While petitioners’ and their children’s living conditions may not be ideal, I cannot find that the above circumstances are so inadequate as to render the students homeless (Appeal of M.S. and C.C., 59 Ed Dept Rep, Decision No. 17,749 [residence not inadequate where three children shared two beds and slept in the same room]; Appeal of A.S., 58 id., Decision No. 17,559 [residence not inadequate where petitioner alleged that she and her husband and two of her children occupied one bedroom with two twin beds and a third child and petitioner’s parents slept in the living room, where petitioner’s parents shared a twin bed and the third student slept on the couch]).  Petitioners submit photographs that generally corroborate their contentions summarized above, but do not support a finding that the out-of-district residence is inadequate.

Petitioners have also failed to establish that their current residence is temporary or transitional.  Petitioners do not allege that they and the students must vacate the current residence or that there is a limit as to how long they may remain there (see Appeal of N.H., 58 Ed Dept Rep, Decision No. 17,432; Appeals of V.C.B., 56 id., Decision No. 17,038; Appeals of S.R., 56 id., Decision No. 16,987). 

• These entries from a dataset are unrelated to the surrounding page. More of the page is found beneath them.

section \<open>Sections as a complex vector space\<close>

definition sc :: "complex \<Rightarrow> ('x \<Rightarrow> nat \<Rightarrow> complex) \<Rightarrow> ('x \<Rightarrow> nat \<Rightarrow> complex)" where
  "sc c f = (\<lambda>x i. c * f x i)"

interpretation vs: vector_space sc
  by unfold_locales (auto simp: sc_def fun_eq_iff algebra_simps)

interpretation vsp: vector_space_pair sc "(*) :: complex \<Rightarrow> complex \<Rightarrow> complex"
  by unfold_locales (auto simp: algebra_simps)

lemma plus_fun_eta: "(\<lambda>x i. f x i + g x i) = f + g"
  by (auto simp: fun_eq_iff)

lemma sum_fun_apply: "(sum F J) x = (\<Sum>j\<in>J. F j x)"
  by (induction J rule: infinite_finite_induct) auto

lemma subspace_sections: "vs.subspace (sections d)"
  by (auto simp: vs.subspace_def sections_def fiber_def sc_def)

lemmas sections_0 = vs.subspace_0[OF subspace_sections]
  and sections_add = vs.subspace_add[OF subspace_sections]
  and sections_diff = vs.subspace_diff[OF subspace_sections]
  and sections_scale = vs.subspace_scale[OF subspace_sections]
  and sections_sum = vs.subspace_sum[OF subspace_sections]

definition restr :: "'x set \<Rightarrow> ('x \<Rightarrow> nat \<Rightarrow> complex) \<Rightarrow> ('x \<Rightarrow> nat \<Rightarrow> complex)" where
  "restr L f = (\<lambda>x. if x \<in> L then f x else 0)"

definition single :: "'x \<Rightarrow> (nat \<Rightarrow> complex) \<Rightarrow> ('x \<Rightarrow> nat \<Rightarrow> complex)" where
  "single x v = (\<lambda>y. if y = x then v else 0)"

lemma restr_add: "restr L (f + g) = restr L f + restr L g"
  and restr_scale: "restr L (sc c f) = sc c (restr L f)"
  and restr_sum: "restr L (sum F J) = (\<Sum>j\<in>J. restr L (F j))"
  and restr_zero: "restr L 0 = 0"
  by (auto simp: restr_def sc_def fun_eq_iff sum_fun_apply)

lemma restr_eq_0_iff: "restr L f = 0 \<longleftrightarrow> (\<forall>x\<in>L. f x = 0)"
  by (auto simp: restr_def fun_eq_iff)

lemma restr_eq_iff: "restr L f = restr L g \<longleftrightarrow> (\<forall>x\<in>L. f x = g x)"
  by (auto simp: restr_def fun_eq_iff)

lemma single_add: "single x (\<lambda>i. v i + w i) = single x v + single x w"
  and single_scale: "single x (\<lambda>i. c * v i) = sc c (single x v)"
  by (auto simp: single_def sc_def fun_eq_iff)

lemma sum_single: "finite L \<Longrightarrow> (\<Sum>x\<in>L. single x (g x)) = restr L g"
  by (auto simp: fun_eq_iff sum_fun_apply single_def restr_def if_distrib sum.delta cong: if_cong)

lemma restr_eq_sum_coords:
  assumes "f \<in> sections d" "finite L"
  shows "restr L f = (\<Sum>(x, i)\<in>(SIGMA x:L. {..<d x}). sc (f x i) (single x (unit_vector i)))"
proof -
  have "single x (f x) = (\<Sum>i<d x. sc (f x i) (single x (unit_vector i)))" for x
  proof (intro ext)
    fix y j
    have "f x j = (\<Sum>i<d x. f x i * unit_vector i j)"
      using assms(1)
      by (auto simp: sections_def fiber_def unit_vector_def if_distrib sum.delta cong: if_cong)
    then show "single x (f x) y j = (\<Sum>i<d x. sc (f x i) (single x (unit_vector i))) y j"
      by (simp add: sum_fun_apply single_def sc_def)
  qed
  with sum_single[OF assms(2), of f] show ?thesis
    by (simp add: sum.Sigma[OF assms(2)])
qed

lemma
  assumes A: "linear_on_sections d A" and f: "f \<in> sections d"
  shows linear_on_sections_in_sections: "A f \<in> sections d"
    and linear_on_sections_add: "g \<in> sections d \<Longrightarrow> A (f + g) = A f + A g"
    and linear_on_sections_scale: "A (sc c f) = sc c (A f)"
  using assms unfolding linear_on_sections_def plus_fun_eta[symmetric] sc_def by auto

lemma linear_on_sections_diff:
  assumes A: "linear_on_sections d A" and f: "f \<in> sections d" and g: "g \<in> sections d"
  shows "A (f - g) = A f - A g"
  using linear_on_sections_add[OF A sections_diff[OF f g] g] by (simp add: algebra_simps)

lemma linear_on_sections_0: "linear_on_sections d A \<Longrightarrow> A 0 = 0"
  using linear_on_sections_diff[OF _ sections_0 sections_0] by simp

Finally, to the extent petitioners allege that they are homeless due to economic hardship, proof of economic hardship, in and of itself, is not sufficient to establish homelessness (Appeal of T.J.G. and D.G. 54 Ed Dept Rep, Decision No. 16,652; Appeal of G.S. and M.S., 52 id., Decision No. 16,388; Appeal of J.B., 50 id., Decision No. 16,221).  Moreover, such claim is rebutted by, according to respondent, petitioner D.S.’s admission that petitioners rent their living space at the out-of-district residence from the family member for $1,400 per month.  While not dispositive of petitioners’ economic circumstances or homeless status, this evidence generally supports respondent’s determination that the out-of-district address is fixed, regular and adequate (see Appeal of A.N., 56 Ed Dept Rep, Decision No. 16,992; Appeal of A.B., 56 id., Decision No. 16,926).

Therefore, based upon the record before me, I cannot find that respondent’s determination that petitioners and the students are not homeless to be arbitrary or capricious.  Although the appeal must be dismissed for the reasons set forth above, I note that petitioners retain the right to reapply for admission to respondent’s schools on their children’s behalf at any time, and to submit any documentary evidence for respondent’s consideration.




[1] Education Law §3209(1)(a-1) excludes from the definition of “homeless child” a child in a foster care placement or receiving educational services under certain provisions of Education Law §3202 or Articles 81, 85, 87 or 88 of the Education Law, circumstances not presented in this appeal.